▸ **WORK ORDER**
Match the string "diagonal" against each line below, and copy every line that matches.

☆ ☆ ☆

(* Let $m\ge 2$ and $j\in[1,m-1]$ be integers, let $V=\wedge^j\mathbb{C}^m$, let $G$ be the image of $\mathrm{SL}_m(\mathbb{C})$ in $\mathrm{GL}(V)$ under the $j$-th exterior power map, and let $\mathfrak g\subset\mathrm{End}(V)$ be its Lie algebra. Then $G\cap\mathfrak g\neq\emptyset$ (as subsets of $\mathrm{End}(V)$). *)

theory Defs
  imports "Jordan_Normal_Form.DL_Submatrix" "Jordan_Normal_Form.Determinant"
begin

text \<open>Basis of the j-th exterior power of C^m: e_I = e_{i1} wedge ... wedge e_{ij}
  for I a j-subset of {0..<m}, elements taken in increasing order.
  Endomorphisms of that space are represented by their matrices, i.e. functions
  on pairs of basis indices (set to 0 outside the basis index set).\<close>

definition wedge_basis :: "nat \<Rightarrow> nat \<Rightarrow> nat set set" where
  "wedge_basis m j = {I. I \<subseteq> {..<m} \<and> card I = j}"

definition wedge_mat :: "nat \<Rightarrow> nat \<Rightarrow> complex mat \<Rightarrow> (nat set \<Rightarrow> nat set \<Rightarrow> complex)" where
  "wedge_mat m j A = (\<lambda>I J. if I \<in> wedge_basis m j \<and> J \<in> wedge_basis m j
       then det (submatrix A I J) else 0)"

definition SL_mat :: "nat \<Rightarrow> complex mat set" where
  "SL_mat m = {A. A \<in> carrier_mat m m \<and> det A = 1}"

definition wedge_group :: "nat \<Rightarrow> nat \<Rightarrow> (nat set \<Rightarrow> nat set \<Rightarrow> complex) set" where
  "wedge_group m j = wedge_mat m j ` SL_mat m"

text \<open>Its Lie algebra: the image of sl_m(C) under the differential at the identity of
  the polynomial map A \<mapsto> wedge^j A, i.e. D = d/dt wedge^j(1 + tX) at t = 0.\<close>
definition wedge_lie_alg :: "nat \<Rightarrow> nat \<Rightarrow> (nat set \<Rightarrow> nat set \<Rightarrow> complex) set" where
  "wedge_lie_alg m j = {D. \<exists>X \<in> carrier_mat m m. (\<Sum>i<m. X $$ (i, i)) = 0 \<and>
     (\<forall>I J. ((\<lambda>t::complex. wedge_mat m j (1\<^sub>m m + t \<cdot>\<^sub>m X) I J) has_field_derivative D I J) (at 0))}"

end

theory Submission
  imports Defs
begin

text \<open>Both G and its Lie algebra contain diagonal elements: the exterior power of
  diag(a) is diag(\<Prod>i\<in>I. a i) and that of the derivative at 1 along diag(x) is
  diag(\<Sum>i\<in>I. x i), the diagonal indexed by the j-subsets I. So it suffices to find
  a with \<Prod>a = 1 and traceless x such that \<Prod>i\<in>I. a i = \<Sum>i\<in>I. x i for every j-subset I.
  The ansatz a = (\<alpha>, \<beta>, ..., \<beta>), x = (u, v, ..., v) reduces this to
  \<alpha> \<beta>^(m-1) = 1, u + (m-1) v = 0, \<beta>^j = j v and \<alpha> \<beta>^(j-1) = u + (j-1) v,
  which is solved by \<beta>^m = j/(j-m), \<alpha> = (j-m) \<beta>/j, v = \<beta>^j/j, u = -(m-1) v.\<close>

lemma pick_inj_on: "inj_on (pick I) {0..<card I}"
proof (rule linorder_inj_onI)
  fix a b assume "a < b" "b \<in> {0..<card I}"
  then show "pick I a \<noteq> pick I b"
    using pick_mono[of b I a] by simp
qed auto

lemma pick_image:
  assumes "finite I"
  shows "pick I ` {0..<card I} = I"
proof (rule card_subset_eq[OF assms])
  show "pick I ` {0..<card I} \<subseteq> I"
    using pick_in_set by (auto simp del: pick.simps)
  show "card (pick I ` {0..<card I}) = card I"
    by (simp add: card_image[OF pick_inj_on])
qed

lemma det_mat_diag: "det (mat_diag n f) = prod f {0..<n}"
proof -
  have "upper_triangular (mat_diag n f)"
    by (auto simp: upper_triangular_def mat_diag_def)
  then have "det (mat_diag n f) = prod_list (diag_mat (mat_diag n f))"
    by (rule det_upper_triangular[OF _ mat_diag_dim])
  also have "\<dots> = prod f {0..<n}"
    by (simp add: diag_mat_def mat_diag_def prod.distinct_set_conv_list[symmetric])
  finally show ?thesis .
qed

lemma det_zero_row:
  assumes "A \<in> carrier_mat n n" and "k < n" and "\<And>l. l < n \<Longrightarrow> A $$ (k, l) = 0"
  shows "det A = 0"
proof -
  have "(\<Prod>i = 0..<n. A $$ (i, p i)) = 0" if "p permutes {0..<n}" for p
    using assms permutes_in_image[OF that] by (intro prod_zero bexI[of _ k]) auto
  then show ?thesis
    by (simp add: det_def'[OF assms(1)])
qed

lemma Collect_less_dim_mat_diag:
  assumes "I \<subseteq> {..<n}"
  shows "{i. i < dim_row (mat_diag n d) \<and> i \<in> I} = I"
    and "{i. i < dim_col (mat_diag n d) \<and> i \<in> I} = I"
  using assms by (auto simp: mat_diag_def)

lemma submatrix_mat_diag_index:
  assumes "I \<subseteq> {..<n}" "J \<subseteq> {..<n}" "a < card I" "b < card J"
  shows "submatrix (mat_diag n d) I J $$ (a, b) =
    (if pick I a = pick J b then d (pick I a) else 0)"
proof -
  have "pick I a < n" "pick J b < n"
    using assms pick_in_set by blast+
  moreover have "submatrix (mat_diag n d) I J $$ (a, b) = mat_diag n d $$ (pick I a, pick J b)"
    by (rule submatrix_index) (simp_all only: Collect_less_dim_mat_diag assms)
  ultimately show ?thesis
    by (simp add: mat_diag_def)
qed

lemma dim_submatrix_mat_diag:
  assumes "I \<subseteq> {..<n}" "J \<subseteq> {..<n}"
  shows "submatrix (mat_diag n d) I J \<in> carrier_mat (card I) (card J)"
  by (rule carrier_matI) (simp_all only: dim_submatrix Collect_less_dim_mat_diag assms)

lemma det_submatrix_mat_diag:
  assumes I: "I \<subseteq> {..<n}" and J: "J \<subseteq> {..<n}" and card: "card I = card J"
  shows "det (submatrix (mat_diag n d) I J) = (if I = J then prod d I else 0)"
proof (cases "I = J")
  case True
  have "finite I"
    using I by (rule finite_subset) simp
  have "submatrix (mat_diag n d) I I = mat_diag (card I) (d \<circ> pick I)"
  proof (rule eq_matI)
    fix a b assume "a < dim_row (mat_diag (card I) (d \<circ> pick I))"
      "b < dim_col (mat_diag (card I) (d \<circ> pick I))"
    then show "submatrix (mat_diag n d) I I $$ (a, b) = mat_diag (card I) (d \<circ> pick I) $$ (a, b)"
      using submatrix_mat_diag_index[OF I I, of a b d]
      by (simp add: mat_diag_def inj_on_eq_iff[OF pick_inj_on])
  qed (use dim_submatrix_mat_diag[OF I I, of d] in \<open>auto simp: mat_diag_def\<close>)
  then have "det (submatrix (mat_diag n d) I I) = prod (d \<circ> pick I) {0..<card I}"
    by (simp add: det_mat_diag)
  also have "\<dots> = prod d I"
    using prod.reindex[OF pick_inj_on, of d I] pick_image[OF \<open>finite I\<close>] by simp
  finally show ?thesis
    using True by simp
next
  case False
  have "finite I" "finite J"
    using I J by (auto intro: finite_subset)
  then have "\<not> I \<subseteq> J"
    using False card card_subset_eq by metis
  then obtain i where "i \<in> I" "i \<notin> J"
    by blast
  define k where "k = card {x \<in> I. x < i}"
  have "pick I k = i"
    unfolding k_def using \<open>i \<in> I\<close> by (rule pick_card_in_set)
  have "{x \<in> I. x < i} \<subset> I"
    using \<open>i \<in> I\<close> by blast
  then have "k < card J"
    unfolding k_def card[symmetric] using \<open>finite I\<close> by (rule psubset_card_mono[rotated])
  have "det (submatrix (mat_diag n d) I J) = 0"
  proof (rule det_zero_row[OF dim_submatrix_mat_diag[OF I J, unfolded card] \<open>k < card J\<close>])
    fix l assume "l < card J"
    then have "pick J l \<in> J"
      by (rule pick_in_set[OF disjI1])
    then show "submatrix (mat_diag n d) I J $$ (k, l) = 0"
      using submatrix_mat_diag_index[OF I J, of k l d] \<open>k < card J\<close> \<open>l < card J\<close>
        \<open>pick I k = i\<close> \<open>i \<notin> J\<close> card
      by auto
  qed
  then show ?thesis
    using False by simp
qed

lemma wedge_mat_mat_diag:
  "wedge_mat m j (mat_diag m d) =
    (\<lambda>I J. if I \<in> wedge_basis m j \<and> J = I then prod d I else 0)"
  by (intro ext) (auto simp: wedge_mat_def wedge_basis_def det_submatrix_mat_diag)

lemma wedge_mat_mat_diag_in_wedge_group:
  assumes "prod d {..<m} = 1"
  shows "wedge_mat m j (mat_diag m d) \<in> wedge_group m j"
proof -
  have "mat_diag m d \<in> SL_mat m"
    using assms by (simp add: SL_mat_def det_mat_diag atLeast0LessThan)
  then show ?thesis
    unfolding wedge_group_def by (rule imageI)
qed

lemma has_field_derivative_prod_one_plus:
  "((\<lambda>t. \<Prod>i\<in>I. 1 + t * x i) has_field_derivative (\<Sum>i\<in>I. x i)) (at 0)"
proof -
  have "((\<lambda>t. \<Prod>i\<in>I. 1 + t * x i) has_field_derivative
      (\<Sum>i\<in>I. x i * (\<Prod>k\<in>I - {i}. 1 + 0 * x k))) (at 0)"
    by (rule has_field_derivative_prod) (auto intro!: derivative_eq_intros)
  then show ?thesis
    by simp
qed

lemma diag_sum_in_wedge_lie_alg:
  fixes x :: "nat \<Rightarrow> complex"
  assumes "sum x {..<m} = 0"
  shows "(\<lambda>I J. if I \<in> wedge_basis m j \<and> J = I then sum x I else 0) \<in> wedge_lie_alg m j"
proof -
  have "1\<^sub>m m + t \<cdot>\<^sub>m mat_diag m x = mat_diag m (\<lambda>i. 1 + t * x i)" for t
    by (intro eq_matI) (auto simp: mat_diag_def)
  moreover have "((\<lambda>t. if P then \<Prod>i\<in>I. 1 + t * x i else 0) has_field_derivative
      (if P then sum x I else 0)) (at 0)" for P I
    by (cases P) (simp_all add: has_field_derivative_prod_one_plus)
  ultimately have "((\<lambda>t. wedge_mat m j (1\<^sub>m m + t \<cdot>\<^sub>m mat_diag m x) I J) has_field_derivative
      (if I \<in> wedge_basis m j \<and> J = I then sum x I else 0)) (at 0)" for I J
    by (simp add: wedge_mat_mat_diag)
  moreover have "(\<Sum>i<m. mat_diag m x $$ (i, i)) = 0"
    using assms by (simp add: mat_diag_def)
  ultimately show ?thesis
    unfolding wedge_lie_alg_def by (blast intro: mat_diag_dim)
qed

lemma prod_if_eq_cases:
  fixes p q :: "'a :: comm_monoid_mult"
  assumes "finite I"
  shows "(\<Prod>i\<in>I. if i = c then p else q) =
    (if c \<in> I then p * q ^ (card I - 1) else q ^ card I)"
proof -
  have "(\<Prod>i\<in>I - {c}. if i = c then p else q) = (\<Prod>i\<in>I - {c}. q)"
    by (rule prod.cong) auto
  then show ?thesis
    using assms by (cases "c \<in> I") (simp_all add: prod.remove card_Diff_singleton)
qed

lemma sum_if_eq_cases:
  fixes u v :: "'a :: semiring_1"
  assumes "finite I"
  shows "(\<Sum>i\<in>I. if i = c then u else v) =
    (if c \<in> I then u + of_nat (card I - 1) * v else of_nat (card I) * v)"
proof -
  have "(\<Sum>i\<in>I - {c}. if i = c then u else v) = (\<Sum>i\<in>I - {c}. v)"
    by (rule sum.cong) auto
  then show ?thesis
    using assms by (cases "c \<in> I") (simp_all add: sum.remove card_Diff_singleton)
qed

lemma wedge_weights_exist:
  assumes "0 < j" "j < m"
  obtains a x :: "nat \<Rightarrow> complex"
  where "prod a {..<m} = 1" and "sum x {..<m} = 0"
    and "\<And>I. I \<in> wedge_basis m j \<Longrightarrow> prod a I = sum x I"
proof -
  have j: "of_nat j \<noteq> (0 :: complex)" and jm: "of_nat j - of_nat m \<noteq> (0 :: complex)"
    using assms by simp_all
  then have "{z :: complex. z ^ m = of_nat j / (of_nat j - of_nat m)} \<noteq> {}"
    using card_nth_roots[of "of_nat j / (of_nat j - of_nat m)" m] assms by force
  then obtain \<beta> :: complex where \<beta>: "\<beta> ^ m = of_nat j / (of_nat j - of_nat m)"
    by blast
  define \<alpha> where "\<alpha> = (of_nat j - of_nat m) / of_nat j * \<beta>"
  define v where "v = \<beta> ^ j / of_nat j"
  define u where "u = - of_nat (m - 1) * v"
  define a where "a i = (if i = 0 then \<alpha> else \<beta>)" for i :: nat
  define x where "x i = (if i = 0 then u else v)" for i :: nat
  show ?thesis
  proof (rule that[of a x])
    have "prod a {..<m} = \<alpha> * \<beta> ^ (m - 1)"
      using assms by (simp add: a_def prod_if_eq_cases)
    also have "\<dots> = (of_nat j - of_nat m) / of_nat j * \<beta> ^ m"
      using assms by (simp add: \<alpha>_def power_eq_if)
    also have "\<dots> = 1"
      using j jm \<beta> by simp
    finally show "prod a {..<m} = 1" .
    show "sum x {..<m} = 0"
      using assms by (simp add: x_def sum_if_eq_cases u_def algebra_simps)
  next
    fix I assume "I \<in> wedge_basis m j"
    then have "finite I" "card I = j"
      by (auto simp: wedge_basis_def intro: finite_subset)
    have "\<alpha> * \<beta> ^ (j - 1) = (of_nat j - of_nat m) * v"
      using assms j by (simp add: \<alpha>_def v_def power_eq_if)
    also have "\<dots> = u + of_nat (j - 1) * v"
      using assms by (simp add: u_def of_nat_diff algebra_simps)
    finally have "\<alpha> * \<beta> ^ (j - 1) = u + of_nat (j - 1) * v" .
    moreover have "\<beta> ^ j = of_nat j * v"
      using j by (simp add: v_def)
    ultimately show "prod a I = sum x I"
      using \<open>finite I\<close> \<open>card I = j\<close> by (simp add: a_def x_def prod_if_eq_cases sum_if_eq_cases)
  qed
qed

theorem lemma8:
  fixes m j :: nat
  assumes "m \<ge> 2" and "1 \<le> j" and "j \<le> m - 1"
  shows "wedge_group m j \<inter> wedge_lie_alg m j \<noteq> {}"
proof -
  have "0 < j" "j < m"
    using assms by auto
  then obtain a x :: "nat \<Rightarrow> complex" where "prod a {..<m} = 1" "sum x {..<m} = 0"
    and weights: "\<And>I. I \<in> wedge_basis m j \<Longrightarrow> prod a I = sum x I"
    using wedge_weights_exist by blast
  have "wedge_mat m j (mat_diag m a) =
      (\<lambda>I J. if I \<in> wedge_basis m j \<and> J = I then sum x I else 0)"
    by (simp add: wedge_mat_mat_diag weights cong: if_cong)
  then have "wedge_mat m j (mat_diag m a) \<in> wedge_lie_alg m j"
    using diag_sum_in_wedge_lie_alg[OF \<open>sum x {..<m} = 0\<close>] by simp
  moreover have "wedge_mat m j (mat_diag m a) \<in> wedge_group m j"
    using \<open>prod a {..<m} = 1\<close> by (rule wedge_mat_mat_diag_in_wedge_group)
  ultimately show ?thesis
    by blast
qed

end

☆ ☆ ☆

▸ **EXERCISE SOLUTION**
text \<open>Both G and its Lie algebra contain diagonal elements: the exterior power of
  diag(\<Sum>i\<in>I. x i), the diagonal indexed by the j-subsets I. So it suffices to find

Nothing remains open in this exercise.